El resto de la clase no hay música; sólo conocimiento. La pluma escribe con rudeza. Un poco de color sobre la hoja. Apuntes, diagramas, rayones. Posteriormente me detengo y miro el salón. Observo a mis compañeros y hago un prejuicio sobre ellos. El sabelotodo, la chica bonita, la intelectual, el gay, el que no sabe cómo llegó ahí, las víboras, las serpientes, las zuripantas, el antisocial, la puta, la nalgona, la fea, el chico cool, los derechistas, los izquierdistas, los borregos, el estudioso y toda esa diversidad que se mantiene dividida y que haría sonreír a Maquiavelo. Falta el rarito mamón. pero no hay espejos para verlos a todos. [cacofonía].
Ya aprendí que en el proceso de la comunicación la energía utilizada es ecológica. Del otro lado a manera de respuesta la energía generada es mayor. Sentido común.
En el final la música regresa a mis oídos y regreso sobre mis pasos. Pocas veces lo hago en un transporte. Sigo con la vista fija en mis pies mientras las melodías suenan una tras otra.

Reflexión
: Todos los días son diferentes, de ahí que la monotonía...

Me está saliendo sangre...
..

09/02/10

Sonidos del corazón azul

Me gusta mucho la música y me encanta hablar de ella.

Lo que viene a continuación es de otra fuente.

(* For all integers $n,k$ with $n\ge 4$ and $1\le k<n$, the Johnson graph $J(n,k)$ is paired 2-coverable.
   Context: Let $[n]=\{1,2,\dots,n\}$. The Johnson graph $J(n,k)$ ($0\le k\le n$) has as vertices the $k$-element subsets of $[n]$, two vertices being adjacent if and only if the corresponding subsets have exactly $k-1$ elements in common. A graph $G$ is \emph{paired 2-coverable} if for any four distinct vertices $u,v,x,y$ of $G$ there exist two vertex-disjoint paths $P$ and $Q$ in $G$ such that $P$ has endpoints $u$ and $v$, $Q$ has endpoints $x$ and $y$, and $V(P)\cup V(Q)=V(G)$. *)

theory Defs
  imports Main
begin

definition johnson_vertices :: "nat \<Rightarrow> nat \<Rightarrow> nat set set" where
  "johnson_vertices n k = {A. A \<subseteq> {1..n} \<and> card A = k}"

text \<open>Two k-subsets are adjacent iff they have exactly k-1 common elements
  (written as card + 1 = k to avoid truncated subtraction).\<close>
definition johnson_adj :: "nat \<Rightarrow> nat set \<Rightarrow> nat set \<Rightarrow> bool" where
  "johnson_adj k A B \<longleftrightarrow> card (A \<inter> B) + 1 = k"

definition is_path :: "'a set \<Rightarrow> ('a \<Rightarrow> 'a \<Rightarrow> bool) \<Rightarrow> 'a list \<Rightarrow> 'a \<Rightarrow> 'a \<Rightarrow> bool" where
  "is_path V E p u v \<longleftrightarrow> p \<noteq> [] \<and> distinct p \<and> set p \<subseteq> V \<and>
     hd p = u \<and> last p = v \<and> (\<forall>i. Suc i < length p \<longrightarrow> E (p ! i) (p ! Suc i))"

definition paired_2_coverable :: "'a set \<Rightarrow> ('a \<Rightarrow> 'a \<Rightarrow> bool) \<Rightarrow> bool" where
  "paired_2_coverable V E \<longleftrightarrow>
     (\<forall>u v x y. u \<in> V \<and> v \<in> V \<and> x \<in> V \<and> y \<in> V \<and> distinct [u, v, x, y] \<longrightarrow>
        (\<exists>P Q. is_path V E P u v \<and> is_path V E Q x y \<and> set P \<inter> set Q = {} \<and>
               set P \<union> set Q = V))"

end

theory Submission
  imports Defs "HOL.Binomial_Plus"
begin

(* The K-subsets of T containing F span a copy of J(|T - F|, K - |F|), and the theorem is proved for
   all these generalised Johnson graphs by induction on |T - F|.  The base cases are the complete
   graphs (K = |F| + 1 or K = |T| - 1) and the octahedron J(4,2).  Otherwise an element e of T - F
   splits the graph into the sets avoiding e and the sets containing e: two smaller Johnson graphs,
   which are Hamiltonian-connected and, by induction, paired 2-coverable, joined by the exchange
   edges A ~ A - s + z.  Depending on where the four terminals lie, the two paths are glued from
   covers and Hamiltonian paths of the halves.  If e separates both u from v and x from y, each path
   must cross between the halves, which needs two disjoint exchange edges avoiding the terminals;
   these exist once |T - F| >= 6.  And e can be chosen not to separate both pairs unless u and v are
   complementary in T - F, which forces |T - F| = 2 (K - |F|) to be even. *)

definition paired_cover :: "'a set \<Rightarrow> ('a \<Rightarrow> 'a \<Rightarrow> bool) \<Rightarrow> 'a \<Rightarrow> 'a \<Rightarrow> 'a \<Rightarrow> 'a \<Rightarrow> bool" where
  "paired_cover V E u v x y \<longleftrightarrow>
     (\<exists>P Q. is_path V E P u v \<and> is_path V E Q x y \<and> set P \<inter> set Q = {} \<and> set P \<union> set Q = V)"

definition hamiltonian_connected :: "'a set \<Rightarrow> ('a \<Rightarrow> 'a \<Rightarrow> bool) \<Rightarrow> bool" where
  "hamiltonian_connected V E \<longleftrightarrow> (\<forall>u\<in>V. \<forall>v\<in>V. u \<noteq> v \<longrightarrow> (\<exists>P. is_path V E P u v \<and> set P = V))"

lemma paired_2_coverableI:
  assumes "\<And>u v x y. u \<in> V \<Longrightarrow> v \<in> V \<Longrightarrow> x \<in> V \<Longrightarrow> y \<in> V \<Longrightarrow> distinct [u, v, x, y] \<Longrightarrow>
    paired_cover V E u v x y"
  shows "paired_2_coverable V E"
  using assms unfolding paired_2_coverable_def paired_cover_def by blast

lemma paired_2_coverableD:
  assumes "paired_2_coverable V E" "u \<in> V" "v \<in> V" "x \<in> V" "y \<in> V" "distinct [u, v, x, y]"
  obtains P Q where "is_path V E P u v" "is_path V E Q x y" "set P \<inter> set Q = {}" "set P \<union> set Q = V"
  using assms unfolding paired_2_coverable_def by blast

lemma hamiltonian_connectedD:
  assumes "hamiltonian_connected V E" "u \<in> V" "v \<in> V" "u \<noteq> v"
  obtains P where "is_path V E P u v" "set P = V"
  using assms unfolding hamiltonian_connected_def by blast

lemma is_path_iff_successively:
  "is_path V E p u v \<longleftrightarrow>
     p \<noteq> [] \<and> distinct p \<and> set p \<subseteq> V \<and> hd p = u \<and> last p = v \<and> successively E p"
  by (simp add: is_path_def successively_conv_nth)

lemma is_path_subset: "is_path V E p u v \<Longrightarrow> set p \<subseteq> V"
  by (simp add: is_path_def)

lemma is_path_mono: "is_path V E p u v \<Longrightarrow> V \<subseteq> W \<Longrightarrow> is_path W E p u v"
  by (auto simp: is_path_iff_successively)

lemma is_path_rev: "symp E \<Longrightarrow> is_path V E p u v \<Longrightarrow> is_path V E (rev p) v u"
  by (auto simp: is_path_iff_successively hd_rev last_rev intro: successively_mono sympD)

lemma is_path_append:
  assumes "is_path V E P u a" "is_path V E Q b v" "set P \<inter> set Q = {}" "E a b"
  shows "is_path V E (P @ Q) u v"
  using assms by (auto simp: is_path_iff_successively successively_append_iff)

lemma is_path_append_disjoint:
  assumes "is_path W E P u a" "is_path V E Q b v" "V \<inter> W = {}" "E a b"
  shows "is_path (V \<union> W) E (P @ Q) u v"
  using assms is_path_subset[OF assms(1)] is_path_subset[OF assms(2)]
  by (intro is_path_append[OF is_path_mono[OF assms(1)] is_path_mono[OF assms(2)]]) auto

lemma is_path_detour:
  assumes "is_path V E (u # P) u v" "P \<noteq> []" "is_path V E H a b" "set H \<inter> set (u # P) = {}"
    "E u a" "E b (hd P)"
  shows "is_path V E (u # H @ P) u v"
  using assms by (auto simp: is_path_iff_successively successively_append_iff successively_Cons)

lemma paired_cover_of_lists:
  assumes "distinct (P @ Q)" "set (P @ Q) = V" "P \<noteq> []" "Q \<noteq> []" "successively E P" "successively E Q"
  shows "paired_cover V E (hd P) (last P) (hd Q) (last Q)"
  unfolding paired_cover_def using assms
  by (intro exI[of _ P] exI[of _ Q]) (auto simp: is_path_iff_successively)

lemma paired_cover_swap: "paired_cover V E u v x y \<Longrightarrow> paired_cover V E x y u v"
  unfolding paired_cover_def by blast

lemma paired_cover_rev_first: "symp E \<Longrightarrow> paired_cover V E u v x y \<Longrightarrow> paired_cover V E v u x y"
  unfolding paired_cover_def by (metis is_path_rev set_rev)

lemma paired_cover_rev_second: "symp E \<Longrightarrow> paired_cover V E u v x y \<Longrightarrow> paired_cover V E u v y x"
  unfolding paired_cover_def by (metis is_path_rev set_rev)

lemma obtain_outside:
  assumes "finite B" "card B < card X"
  obtains a where "a \<in> X" "a \<notin> B"
  using assms by (meson card_mono subsetI leD)

lemma obtain_two_outside:
  assumes "finite B" "card B + 2 \<le> card X"
  obtains a b where "a \<in> X" "b \<in> X" "a \<noteq> b" "a \<notin> B" "b \<notin> B"
proof -
  obtain a where a: "a \<in> X" "a \<notin> B"
    using obtain_outside[OF assms(1), of X] assms(2) by auto
  moreover obtain b where "b \<in> X" "b \<notin> insert a B"
    using obtain_outside[of "insert a B" X] assms a by (auto simp: card_insert_if)
  ultimately show thesis
    using that by blast
qed

lemma successively_complete:
  "distinct p \<Longrightarrow> set p \<subseteq> V \<Longrightarrow> (\<And>a b. a \<in> V \<Longrightarrow> b \<in> V \<Longrightarrow> a \<noteq> b \<Longrightarrow> E a b) \<Longrightarrow> successively E p"
  by (induction p rule: induct_list012) auto

lemma hamiltonian_connected_complete:
  assumes "finite V" and complete: "\<And>a b. a \<in> V \<Longrightarrow> b \<in> V \<Longrightarrow> a \<noteq> b \<Longrightarrow> E a b"
  shows "hamiltonian_connected V E"
  unfolding hamiltonian_connected_def
proof (intro ballI impI)
  fix u v assume uv: "u \<in> V" "v \<in> V" "u \<noteq> v"
  obtain L where L: "set L = V - {u, v}" "distinct L"
    using finite_distinct_list[of "V - {u, v}"] assms(1) by auto
  have "successively E (u # L @ [v])"
    using L uv by (intro successively_complete[where V = V] complete) auto
  then have "is_path V E (u # L @ [v]) u v"
    using L uv by (auto simp: is_path_iff_successively)
  moreover have "set (u # L @ [v]) = V"
    using L uv by auto
  ultimately show "\<exists>P. is_path V E P u v \<and> set P = V"
    by blast
qed
definition compatible :: "nat \<Rightarrow> (nat \<times> nat) set \<Rightarrow> (nat \<times> nat) set \<Rightarrow> bool" where
  "compatible n T T' \<longleftrightarrow> T \<subseteq> T' \<and>
     (\<forall>A \<in> subgrps n. \<forall>B \<in> subgrps n. \<forall>C \<in> subgrps n. B \<le> A \<longrightarrow> C \<le> A \<longrightarrow>
        (B, A) \<in> T \<longrightarrow> (min B C, B) \<in> T' \<longrightarrow> (C, A) \<in> T')"

definition lesser_simply_paired :: "nat \<Rightarrow> (nat \<times> nat) set \<Rightarrow> bool" where
  "lesser_simply_paired n T \<longleftrightarrow>
     (\<forall>T'. transfer_system n T' \<longrightarrow> T \<subseteq> T' \<longrightarrow>
        (compatible n T T' \<longleftrightarrow> T' = Hull n T \<or> T' = complete_ts n))"

definition catalan :: "nat \<Rightarrow> nat" where
  "catalan m = fact (2 * m) div (fact (m + 1) * fact m)"

end

theory Submission
  imports Defs "HOL-Computational_Algebra.Formal_Power_Series"
begin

Bob Dylan dice:
Todo en mi vida es música
Y en un fragmento de la canción Bleed de Cold dice:
My love is music
I will marry melody
Estoy plenamente identificado con estas dos frases. Y ahora no quiero hablar de algo en concreto, sólo quiero dejar fluir las palabras. Acabo de descargar el primer álbum de Sounds of the Blue Heart y me recuerda mucho a mis tiempos de Gandhi. La razón es porque en esa época es cuándo los escuché por primera vez y mi jefe me dijo que sonaba muco a Human Drama. Ahora ya los conozco mejor y pues sinceramente si me gustan mucho. Ya me siento mejor. También descargué un nuevo material de El Perro del Mar pero aún no lo he escuchado. Quizá mañana o cualquier otro día.

Tengo que conseguir unos libros de Manuel Martín Serrano, hablan muy bien de él en la Facultad y pues ya veremos de que lado masca la iguana; tengo una novela inconclusa que me la paso reescribiendo y a veces pienso que jamás voy a estar satisfecho con lo que encierra toda la ambiciosa historia. He llegado a creer que moriré sin publicarla por casarme con la idea de que no es lo suficientemen buena. Aunque las pocas personas cercanas que se han atrevido a darle una hojeada han dicho que es excelentísima y quieren verla terminada pronto para disfrutarla. Yo también ya quiero verla finalizada pero les juro que cada día se me ocurre algo nuevo que agregarle a la historia y ya no paro de escribir.

Hace mucho que no mezclo y tengo ganas, quizá lo haga el fin de semana. También siento mucho [censurado].

Mi mente se ocupa de muchas cosas y luego se me escapan otras. Eso no quiere decir que no sean importantes. En serio que ya me siento mejor. Dejo unas imágenes de gente que admiro y por consiguiente respeto. Carpe diem.